Bodin's 2008 release The Radioactive Werewolf and other Tales from the Southwest which album contains performances by Alain Whyte, Chris Schleyer and Elif Savas.

Prior to composing music for film and television, he ran the now defunct Independent label Baby Factory and produced alternative rock band Kill Hannah's debut album Humming Birds The Size of Bullets as well as tracks from the bands American Jet Set album.

==Awards and recognition==
Bodin has received 6 Independent Music Award Nominations and 1 Win. In 2018 Bodin's 'Obscura' EP was nominated in the category of 'Best Electronica/Dance' with the single 'Eleven Point Seven Five' from the same album nominated for 'Best Instrumental Song' In 2014 Bodin's EP 'Chronomicon" was nominated for the Independent Music Award for Best Instrumental Song and one for Best Instrumental EP, and 2 Independent Music Award Nominations for music from his 2014 EP release "'Awake In Exile". One nomination for Best Instrumental Song and one for Best Instrumental EP. Don Bodin's EP release "Chronomicon" won the award for "Best Instrumental EP" at the 2015 14th Annual Independent Music Awards.

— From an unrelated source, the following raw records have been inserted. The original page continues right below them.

(* The sub-set-operad of $\mathrm{RWS}$ generated by $A_\mu$, $A_\prec$, $A_\succ$ consists exactly of the recursively labelled red and white trees having no node with empty label set.
   Context: Red and white trees: $\mathrm{RW}(n)$ is the set of finite rooted trees (children unordered) whose nodes $z$ carry possibly empty label sets $L(z)\subseteq[n]$ partitioning $[n]$, each empty node having at least two children; labelled nodes are white, an empty node is red iff all its children are white. Composition $T_1\circ_xT_2$ ($T_1\in\mathrm{RW}(m)$, $T_2\in\mathrm{RW}(n)$): relabel $T_1$ by $y\mapsto y+n-1$ for $y>x$ and $T_2$ by $y\mapsto y+x-1$; $z\ni x$ in $T_1$, $r$ = root of $T_2$. (W) $r$ not red: remove $x$ from $L(z)$, add $L(r)$ to $L(z)$, children of $r$ become children of $z$. (R1) $r$ red, $T_1$ the single node $\{x\}$: result $T_2$. (R2) $r$ red and ($z$ has a child or $|L(z)|\ge2$): remove $x$ from $L(z)$, attach $T_2$ as child subtree of $z$. (R3) $r$ red, $z$ non-root leaf with $L(z)=\{x\}$: delete $z$, children of $r$ become children of the parent of $z$. Colours recomputed. A tree is recursively labelled if for each node the union of label sets in its subtree is an interval of integers. $\mathrm{RWS}$ is the sub-set-operad generated by $A_\mu$ (single node $\{1,2\}$), $A_\prec$ (root $\{1\}$ with child $\{2\}$), $A_\succ$ (root $\{2\}$ with child $\{1\}$), $A_\odot$ (empty red root with children $\{1\},\{2\}$). *)

theory Defs
  imports Main "HOL-Library.Multiset"
begin

text \<open>Red and white trees: finite rooted trees with unordered children (a multiset of
  subtrees); each node carries a (possibly empty) label set.\<close>

datatype rwt = Node (lbl: "nat set") (kids: "rwt multiset")

primrec subtrees :: "rwt \<Rightarrow> rwt multiset" where
  "subtrees (Node L C) = add_mset (Node L C) (\<Sum>\<^sub># (image_mset subtrees C))"

primrec labels :: "rwt \<Rightarrow> nat set" where
  "labels (Node L C) = L \<union> \<Union> (set_mset (image_mset labels C))"

definition RW :: "nat \<Rightarrow> rwt set" where
  "RW n = {T. (\<forall>S \<in># subtrees T. finite (lbl S) \<and> (lbl S = {} \<longrightarrow> 2 \<le> size (kids S)))
              \<and> \<Sum>\<^sub># (image_mset (\<lambda>S. mset_set (lbl S)) (subtrees T)) = mset_set {1..n}}"

definition white :: "rwt \<Rightarrow> bool" where
  "white T \<longleftrightarrow> lbl T \<noteq> {}"

definition red :: "rwt \<Rightarrow> bool" where
  "red T \<longleftrightarrow> lbl T = {} \<and> (\<forall>c \<in># kids T. white c)"

primrec relabel :: "(nat \<Rightarrow> nat) \<Rightarrow> rwt \<Rightarrow> rwt" where
  "relabel f (Node L C) = Node (f ` L) (image_mset (relabel f) C)"

text \<open>Grafting at a non-root node: result is the multiset of trees replacing that node
  among the children of its parent (rules W, R2, R3).  Here T2 is the (already relabelled)
  second tree and x the (relabelled) grafting label.\<close>
primrec graft :: "nat \<Rightarrow> rwt \<Rightarrow> rwt \<Rightarrow> rwt multiset" where
  "graft x T2 (Node L C) =
     (if x \<in> L then
        (if \<not> red T2 then {# Node ((L - {x}) \<union> lbl T2) (C + kids T2) #}
         else if C \<noteq> {#} \<or> 2 \<le> card L then {# Node (L - {x}) (add_mset T2 C) #}
         else kids T2)
      else {# Node L (\<Sum>\<^sub># (image_mset (graft x T2) C)) #})"

fun graft_root :: "nat \<Rightarrow> rwt \<Rightarrow> rwt \<Rightarrow> rwt" where
  "graft_root x T2 (Node L C) =
     (if x \<in> L then
        (if \<not> red T2 then Node ((L - {x}) \<union> lbl T2) (C + kids T2)
         else if C \<noteq> {#} \<or> 2 \<le> card L then Node (L - {x}) (add_mset T2 C)
         else T2)
      else Node L (\<Sum>\<^sub># (image_mset (graft x T2) C)))"

text \<open>Partial composition T1 o_x T2 where T2 has arity n.\<close>
definition rw_comp :: "nat \<Rightarrow> nat \<Rightarrow> rwt \<Rightarrow> rwt \<Rightarrow> rwt" where
  "rw_comp n x T1 T2 =
     graft_root x (relabel (\<lambda>y. y + x - 1) T2)
                  (relabel (\<lambda>y. if x < y then y + n - 1 else y) T1)"

definition A_unit :: rwt where "A_unit = Node {1} {#}"
definition A_mu :: rwt where "A_mu = Node {1, 2} {#}"
definition A_prec :: rwt where "A_prec = Node {1} {# Node {2} {#} #}"
definition A_succ :: rwt where "A_succ = Node {2} {# Node {1} {#} #}"
definition A_odot :: rwt where "A_odot = Node {} {# Node {1} {#}, Node {2} {#} #}"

In November 2013 Bodin received the Hollywood Music In Media Award for Best Commercial Score.

In addition Bodin has been nominated for 2 Hollywood Music in Media Awards for Best Score for a Commercial Advertisement
 and nominated 1 time for Best Song For A Commercial Advertisement.

==Discography==
To date, Bodin has released 14 albums:
1. "Obscura"
2. "Daemonology"
3. "Vigil"
4. "Awake in Exile"
5. "Lexicon"
6. "Chronomicon"
7. "The Sideshow Sessions"
8. "This One's Gonna Leave Out the Vocals"
9. "This One's Gonna Leave A Mark"
10. "The Ballad of Big Shot Volume 1"
11. "The Radioactive Werewolf and other tales from the Southwest"
12. "Silentium est Alurum"
13. "Like Rabbits"
14. "Greed Lust And Cloning"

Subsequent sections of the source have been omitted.